*EXERCISE INSTRUCTIONS*
The records below are to be reproduced word for word.

*Collection entries*
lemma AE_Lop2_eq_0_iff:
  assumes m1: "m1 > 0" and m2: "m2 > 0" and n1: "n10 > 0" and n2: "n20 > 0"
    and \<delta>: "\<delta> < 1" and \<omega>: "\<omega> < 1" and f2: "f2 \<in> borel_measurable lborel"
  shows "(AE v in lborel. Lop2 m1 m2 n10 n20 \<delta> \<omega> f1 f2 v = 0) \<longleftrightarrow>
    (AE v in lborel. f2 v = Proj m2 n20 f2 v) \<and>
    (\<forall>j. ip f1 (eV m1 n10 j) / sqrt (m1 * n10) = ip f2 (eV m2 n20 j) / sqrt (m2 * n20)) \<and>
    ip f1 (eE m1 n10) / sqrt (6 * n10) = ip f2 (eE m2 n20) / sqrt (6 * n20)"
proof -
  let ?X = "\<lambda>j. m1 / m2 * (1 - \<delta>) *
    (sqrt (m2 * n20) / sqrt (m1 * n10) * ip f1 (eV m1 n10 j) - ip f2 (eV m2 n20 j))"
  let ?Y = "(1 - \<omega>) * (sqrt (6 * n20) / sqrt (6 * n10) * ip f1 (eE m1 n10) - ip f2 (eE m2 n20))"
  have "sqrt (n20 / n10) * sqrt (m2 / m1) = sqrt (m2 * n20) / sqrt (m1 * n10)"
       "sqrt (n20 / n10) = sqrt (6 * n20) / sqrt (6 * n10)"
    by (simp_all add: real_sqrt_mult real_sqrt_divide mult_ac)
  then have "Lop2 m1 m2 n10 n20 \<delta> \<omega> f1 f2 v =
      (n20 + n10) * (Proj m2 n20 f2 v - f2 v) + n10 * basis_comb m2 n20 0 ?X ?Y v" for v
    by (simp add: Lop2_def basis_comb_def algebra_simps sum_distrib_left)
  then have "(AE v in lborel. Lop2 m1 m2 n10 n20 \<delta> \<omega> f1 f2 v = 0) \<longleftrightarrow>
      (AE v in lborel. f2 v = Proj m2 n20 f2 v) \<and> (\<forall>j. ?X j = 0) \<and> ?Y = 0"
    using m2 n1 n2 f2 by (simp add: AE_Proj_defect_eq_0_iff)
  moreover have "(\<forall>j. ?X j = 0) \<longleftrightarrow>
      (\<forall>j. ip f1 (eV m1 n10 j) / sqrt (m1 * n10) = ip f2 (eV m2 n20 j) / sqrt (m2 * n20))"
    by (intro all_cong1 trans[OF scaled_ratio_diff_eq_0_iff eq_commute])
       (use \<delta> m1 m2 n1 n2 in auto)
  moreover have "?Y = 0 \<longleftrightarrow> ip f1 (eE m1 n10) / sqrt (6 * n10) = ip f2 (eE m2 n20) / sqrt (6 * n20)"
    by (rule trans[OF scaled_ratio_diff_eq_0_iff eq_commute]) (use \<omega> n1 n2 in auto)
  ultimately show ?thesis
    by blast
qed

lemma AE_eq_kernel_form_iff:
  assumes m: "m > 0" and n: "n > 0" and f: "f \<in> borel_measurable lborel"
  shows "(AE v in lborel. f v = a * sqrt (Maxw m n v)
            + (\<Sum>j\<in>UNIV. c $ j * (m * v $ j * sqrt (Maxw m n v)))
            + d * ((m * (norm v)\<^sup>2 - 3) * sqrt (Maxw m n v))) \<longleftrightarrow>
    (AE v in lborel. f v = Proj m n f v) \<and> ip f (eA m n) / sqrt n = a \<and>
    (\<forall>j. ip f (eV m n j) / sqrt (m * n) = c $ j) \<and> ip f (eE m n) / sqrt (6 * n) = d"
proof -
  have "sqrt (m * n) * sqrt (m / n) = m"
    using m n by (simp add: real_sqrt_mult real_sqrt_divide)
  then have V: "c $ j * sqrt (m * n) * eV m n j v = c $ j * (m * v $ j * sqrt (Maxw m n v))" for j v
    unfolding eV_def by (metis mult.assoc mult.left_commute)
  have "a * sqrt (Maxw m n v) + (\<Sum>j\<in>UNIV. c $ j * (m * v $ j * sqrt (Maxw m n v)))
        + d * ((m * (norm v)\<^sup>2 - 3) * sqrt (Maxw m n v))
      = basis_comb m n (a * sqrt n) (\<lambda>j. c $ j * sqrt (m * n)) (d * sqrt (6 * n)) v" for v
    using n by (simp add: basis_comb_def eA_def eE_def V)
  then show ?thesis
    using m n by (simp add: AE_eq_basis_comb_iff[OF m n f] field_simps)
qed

*TASK RESPONSE*
lemma AE_Lop2_eq_0_iff:
  assumes m1: "m1 > 0" and m2: "m2 > 0" and n1: "n10 > 0" and n2: "n20 > 0"
    and \<delta>: "\<delta> < 1" and \<omega>: "\<omega> < 1" and f2: "f2 \<in> borel_measurable lborel"
  shows "(AE v in lborel. Lop2 m1 m2 n10 n20 \<delta> \<omega> f1 f2 v = 0) \<longleftrightarrow>
    (AE v in lborel. f2 v = Proj m2 n20 f2 v) \<and>
    (\<forall>j. ip f1 (eV m1 n10 j) / sqrt (m1 * n10) = ip f2 (eV m2 n20 j) / sqrt (m2 * n20)) \<and>
    ip f1 (eE m1 n10) / sqrt (6 * n10) = ip f2 (eE m2 n20) / sqrt (6 * n20)"
proof -
  let ?X = "\<lambda>j. m1 / m2 * (1 - \<delta>) *
    (sqrt (m2 * n20) / sqrt (m1 * n10) * ip f1 (eV m1 n10 j) - ip f2 (eV m2 n20 j))"
  let ?Y = "(1 - \<omega>) * (sqrt (6 * n20) / sqrt (6 * n10) * ip f1 (eE m1 n10) - ip f2 (eE m2 n20))"
  have "sqrt (n20 / n10) * sqrt (m2 / m1) = sqrt (m2 * n20) / sqrt (m1 * n10)"
       "sqrt (n20 / n10) = sqrt (6 * n20) / sqrt (6 * n10)"
    by (simp_all add: real_sqrt_mult real_sqrt_divide mult_ac)
  then have "Lop2 m1 m2 n10 n20 \<delta> \<omega> f1 f2 v =
      (n20 + n10) * (Proj m2 n20 f2 v - f2 v) + n10 * basis_comb m2 n20 0 ?X ?Y v" for v
    by (simp add: Lop2_def basis_comb_def algebra_simps sum_distrib_left)
  then have "(AE v in lborel. Lop2 m1 m2 n10 n20 \<delta> \<omega> f1 f2 v = 0) \<longleftrightarrow>
      (AE v in lborel. f2 v = Proj m2 n20 f2 v) \<and> (\<forall>j. ?X j = 0) \<and> ?Y = 0"
    using m2 n1 n2 f2 by (simp add: AE_Proj_defect_eq_0_iff)
  moreover have "(\<forall>j. ?X j = 0) \<longleftrightarrow>
      (\<forall>j. ip f1 (eV m1 n10 j) / sqrt (m1 * n10) = ip f2 (eV m2 n20 j) / sqrt (m2 * n20))"
    by (intro all_cong1 trans[OF scaled_ratio_diff_eq_0_iff eq_commute])
       (use \<delta> m1 m2 n1 n2 in auto)
  moreover have "?Y = 0 \<longleftrightarrow> ip f1 (eE m1 n10) / sqrt (6 * n10) = ip f2 (eE m2 n20) / sqrt (6 * n20)"
    by (rule trans[OF scaled_ratio_diff_eq_0_iff eq_commute]) (use \<omega> n1 n2 in auto)
  ultimately show ?thesis
    by blast
qed

lemma AE_eq_kernel_form_iff:
  assumes m: "m > 0" and n: "n > 0" and f: "f \<in> borel_measurable lborel"
  shows "(AE v in lborel. f v = a * sqrt (Maxw m n v)
            + (\<Sum>j\<in>UNIV. c $ j * (m * v $ j * sqrt (Maxw m n v)))
            + d * ((m * (norm v)\<^sup>2 - 3) * sqrt (Maxw m n v))) \<longleftrightarrow>
    (AE v in lborel. f v = Proj m n f v) \<and> ip f (eA m n) / sqrt n = a \<and>
    (\<forall>j. ip f (eV m n j) / sqrt (m * n) = c $ j) \<and> ip f (eE m n) / sqrt (6 * n) = d"
proof -
  have "sqrt (m * n) * sqrt (m / n) = m"
    using m n by (simp add: real_sqrt_mult real_sqrt_divide)
  then have V: "c $ j * sqrt (m * n) * eV m n j v = c $ j * (m * v $ j * sqrt (Maxw m n v))" for j v
    unfolding eV_def by (metis mult.assoc mult.left_commute)
  have "a * sqrt (Maxw m n v) + (\<Sum>j\<in>UNIV. c $ j * (m * v $ j * sqrt (Maxw m n v)))
        + d * ((m * (norm v)\<^sup>2 - 3) * sqrt (Maxw m n v))
      = basis_comb m n (a * sqrt n) (\<lambda>j. c $ j * sqrt (m * n)) (d * sqrt (6 * n)) v" for v
    using n by (simp add: basis_comb_def eA_def eE_def V)
  then show ?thesis
    using m n by (simp add: AE_eq_basis_comb_iff[OF m n f] field_simps)
qed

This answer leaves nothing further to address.